5.   Hadits dari Barra’ Ra. :


“Bahwa Rasulullah Saw. melakukan qunut pada shalat subuh”. (HR. Muslim).


Hadits no. 4  diriwayatkan pula oleh Abu Dawud dengan tanpa penyebutan shalat maghrib. Imam Nawawi dalam Majmu’ II/505 mengatakan : “Tidaklah mengapa meninggalkan qunut pada shalat maghrib karena qunut bukanlah sesuatu yang wajib atau karena ijma ulama menunjukan bahwa qunut pada shalat maghrib sudah mansukh hukumnya”.


6.  Hadits dari Abi rofi’


“Umar melakukan qunut pada shalat subuh sesudah ruku’ dan mengangkat kedua tangannya  serta membaca doa dengn bersuara”. (HR Baihaqi dan ia mengatakan hadis ini shahih).

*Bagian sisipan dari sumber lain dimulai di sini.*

lemma harm_norm_le_growth_upper:
  assumes "0 \<le> \<alpha>" "\<alpha> < 1" and P: "PH0 \<alpha> h g" and z: "norm z < 1"
  shows "norm (harm h g z) \<le> growth_upper \<alpha> (norm z)"
proof -
  have hol: "h holomorphic_on ball 0 1" "g holomorphic_on ball 0 1"
    and "h 0 = 0" "g 0 = 0"
    using P by (auto simp: PH0_def H0_def)
  obtain u where u: "norm u = 1" "z = of_real (norm z) * u"
    using exists_unimodular_polar by blast
  define c where "c = cnj (sgn (harm h g z))"
  have c: "norm c \<le> 1"
    by (simp add: c_def norm_sgn)
  define \<phi> where "\<phi> t = Re (c * harm h g (of_real t * u))" for t
  have "growth_upper \<alpha> 0 - \<phi> 0 \<le> growth_upper \<alpha> (norm z) - \<phi> (norm z)"
  proof (rule DERIV_nonneg_imp_nondecreasing[OF norm_ge_zero])
    fix t assume t: "0 \<le> t" "t \<le> norm z"
    define w where "w = of_real t * u"
    have "norm w = t" "norm w < 1"
      using t z u(1) by (simp_all add: w_def norm_mult)
    hence "norm (deriv h w) + norm (deriv g w) \<le> \<alpha> + (1 - \<alpha>) * ((1 + t) / (1 - t))"
      using PH0_deriv_bounds(2)[OF assms(1,2) P] by metis
    with Re_rotated_le[OF c u(1)]
    have "Re (c * (u * deriv h w + cnj (u * deriv g w))) \<le> \<alpha> + (1 - \<alpha>) * ((1 + t) / (1 - t))"
      by (rule order_trans)
    moreover have "((\<lambda>t. growth_upper \<alpha> t - \<phi> t) has_real_derivative
        (\<alpha> + (1 - \<alpha>) * ((1 + t) / (1 - t))) - Re (c * (u * deriv h w + cnj (u * deriv g w)))) (at t)"
      unfolding \<phi>_def w_def using t z
      by (intro DERIV_diff harm_radial_has_derivative[OF hol u(1)] growth_upper_has_derivative) auto
    ultimately show "\<exists>y. ((\<lambda>t. growth_upper \<alpha> t - \<phi> t) has_real_derivative y) (at t) \<and> 0 \<le> y"
      by auto
  qed
  moreover have "\<phi> 0 = 0" "growth_upper \<alpha> 0 = 0"
    by (simp_all add: \<phi>_def harm_def growth_upper_def \<open>h 0 = 0\<close> \<open>g 0 = 0\<close>)
  moreover have "\<phi> (norm z) = norm (harm h g z)"
    using u by (simp add: \<phi>_def c_def cnj_sgn_mult_self flip: u(2))
  ultimately show ?thesis by linarith
qed

lemma f_ext_of_real:
  assumes "\<bar>x\<bar> < 1"
  shows "f_ext \<alpha> (of_real x) = of_real (growth_upper \<alpha> x)"
proof -
  have "(\<lambda>n. of_real (2 * (1 - \<alpha>) / real (n + 2) * x ^ (n + 2)) :: complex)
      sums of_real (growth_upper \<alpha> x - x)"
    by (rule sums_of_real[OF growth_upper_sums[OF assms]])
  hence "(\<lambda>n. of_real (2 * (1 - \<alpha>) / real (n + 2)) * of_real x ^ (n + 2))
      sums (of_real (growth_upper \<alpha> x) - of_real x :: complex)"
    by (simp only: of_real_mult of_real_power of_real_diff)
  thus ?thesis
    by (simp add: f_ext_def sums_iff)
qed

lemma f_ext_eq_Ln:
  assumes "norm z < 1"
  shows "f_ext \<alpha> z = z + of_real (2 * (1 - \<alpha>)) * (- Ln (1 - z) - z)"
proof -
  have "(\<lambda>n. of_real (2 * (1 - \<alpha>)) * (z ^ (n + 2) / of_nat (n + 2)))
      sums (of_real (2 * (1 - \<alpha>)) * (- Ln (1 - z) - z))"
    by (rule sums_mult[OF sums_minus_Ln_one_minus_tail[OF assms]])
  thus ?thesis
    by (simp add: f_ext_def sums_iff)
qed

lemma f_ext_has_field_derivative:
  assumes "norm z < 1"
  shows "(f_ext \<alpha> has_field_derivative 1 + of_real (2 * (1 - \<alpha>)) * (1 / (1 - z) - 1)) (at z)"
proof -
  have "0 < Re (1 - z)"
    using assms abs_Re_le_cmod[of z] by simp
  hence "1 - z \<notin> \<real>\<^sub>\<le>\<^sub>0"
    by (auto simp: complex_nonpos_Reals_iff)
  hence "((\<lambda>z. z + of_real (2 * (1 - \<alpha>)) * (- Ln (1 - z) - z)) has_field_derivative
      1 + of_real (2 * (1 - \<alpha>)) * (1 / (1 - z) - 1)) (at z)"
    by (auto intro!: derivative_eq_intros simp: divide_inverse)
  thus ?thesis
    by (rule has_field_derivative_transform_within_open[where S = "ball 0 1"])
       (use assms f_ext_eq_Ln in auto)
qed

lemma Re_inverse_one_minus_gt_half:
  fixes z :: complex
  assumes "norm z < 1"
  shows "1 / 2 < Re (1 / (1 - z))"
proof -
  have "norm (1 - z) ^ 2 = 1 - 2 * Re z + norm z ^ 2"
    unfolding cmod_power2 by (simp add: power2_eq_square algebra_simps)
  also have "\<dots> < 2 * (1 - Re z)"
    using assms by (simp add: power_less_one_iff abs_square_less_1)
  finally have "norm (1 - z) ^ 2 / 2 < 1 - Re z"
    by simp
  moreover have "Re (1 / (1 - z)) = (1 - Re z) / norm (1 - z) ^ 2"
    by (simp add: Re_divide cmod_power2)
  moreover have "0 < norm (1 - z) ^ 2"
    using assms by auto
  ultimately show ?thesis
    by (simp add: less_divide_eq)
qed

lemma f_ext_PH0:
  assumes "\<alpha> < 1"
  shows "PH0 \<alpha> (f_ext \<alpha>) (\<lambda>_. 0)"
proof -
  have deriv: "deriv (f_ext \<alpha>) z = 1 + of_real (2 * (1 - \<alpha>)) * (1 / (1 - z) - 1)" if "norm z < 1" for z
    using DERIV_imp_deriv[OF f_ext_has_field_derivative[OF that]] .
  have "f_ext \<alpha> holomorphic_on ball 0 1"
    using f_ext_has_field_derivative by (fastforce simp: holomorphic_on_open)
  moreover have "0 < Re (deriv (f_ext \<alpha>) z - \<alpha>)" if "z \<in> ball 0 1" for z
  proof -
    define q where "q = 1 / (1 - z)"
    have "deriv (f_ext \<alpha>) z - \<alpha> = of_real (1 - \<alpha>) * (2 * q - 1)"
      using that by (simp add: deriv flip: q_def) (simp add: algebra_simps)
    hence "Re (deriv (f_ext \<alpha>) z - \<alpha>) = (1 - \<alpha>) * (2 * Re q - 1)"
      by simp
    thus ?thesis
      using Re_inverse_one_minus_gt_half[of z] that assms by (simp add: q_def)
  qed
  ultimately show ?thesis
    using deriv[of 0] by (simp add: PH0_def H0_def f_ext_def)
qed

lemma growth_lower_nonneg:
  assumes "0 \<le> \<alpha>" "\<alpha> < 1" "0 \<le> r" "r < 1"
  shows "0 \<le> growth_lower \<alpha> r"
proof -
  have "growth_lower \<alpha> 0 \<le> growth_lower \<alpha> r"
  proof (rule DERIV_nonneg_imp_nondecreasing[OF assms(3)])
    fix t assume "0 \<le> t" "t \<le> r"
    with assms show "\<exists>y. (growth_lower \<alpha> has_real_derivative y) (at t) \<and> 0 \<le> y"
      by (intro exI[of _ "\<alpha> + (1 - \<alpha>) * ((1 - t) / (1 + t))"] conjI growth_lower_has_derivative) auto
  qed
  thus ?thesis by (simp add: growth_lower_def)
qed

lemma growth_upper_nonneg:
  assumes "0 \<le> \<alpha>" "\<alpha> < 1" "0 \<le> r" "r < 1"
  shows "0 \<le> growth_upper \<alpha> r"
proof -
  have "growth_upper \<alpha> 0 \<le> growth_upper \<alpha> r"
  proof (rule DERIV_nonneg_imp_nondecreasing[OF assms(3)])
    fix t assume "0 \<le> t" "t \<le> r"
    with assms show "\<exists>y. (growth_upper \<alpha> has_real_derivative y) (at t) \<and> 0 \<le> y"
      by (intro exI[of _ "\<alpha> + (1 - \<alpha>) * ((1 + t) / (1 - t))"] conjI growth_upper_has_derivative) auto
  qed
  thus ?thesis by (simp add: growth_upper_def)
qed

lemma norm_f_ext_of_real:
  assumes "0 \<le> \<alpha>" "\<alpha> < 1" "0 \<le> r" "r < 1"
  shows "norm (f_ext \<alpha> (of_real r)) = growth_upper \<alpha> r"
  using f_ext_of_real[of r \<alpha>] growth_upper_nonneg[OF assms] assms by simp

lemma norm_f_ext_minus_of_real:
  assumes "0 \<le> \<alpha>" "\<alpha> < 1" "0 \<le> r" "r < 1"
  shows "norm (f_ext \<alpha> (- of_real r)) = growth_lower \<alpha> r"
proof -
  have "f_ext \<alpha> (- of_real r) = - of_real (growth_lower \<alpha> r)"
    using f_ext_of_real[of "- r" \<alpha>] assms by (simp add: growth_lower_eq)
  thus ?thesis
    using growth_lower_nonneg[OF assms] by simp
qed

7.  Hadits dari ibnu sirin, beliau berkata :


“Aku berkata kepada anas : Apakah Rasulullah SAW. melakukan qunut pada waktu subuh? Anas menjawab : Ya, begitu selesai ruku”. (HR. Bukhary Muslim).


8.  Hadits dari Abu hurairah ra. Beliau berkata :


“Rasulullah Saw. jika beliau mengangkat kepalanya dari ruku pada rekaat kedua shalat subuh beliau mengangkat kedua tangannya lalu berdoa : “Allahummah dini fii man hadait ….dan seterusnya”. (HR. Hakim dan dia menshahihkannya).


9.   Hadits dari  Hasan bin Ali bin Abi Thalib ra. Beliau berkata :


“Aku diajari oleh rasulullah Saw. beberapa kalimat yang aku ucapkan pada witir yakni :  Allahummah dini fii man hadait ….dan seterusnya” (HR Abu Dawud, Tirmidzi, Nasai dan selain mereka dengan isnad yang shahih)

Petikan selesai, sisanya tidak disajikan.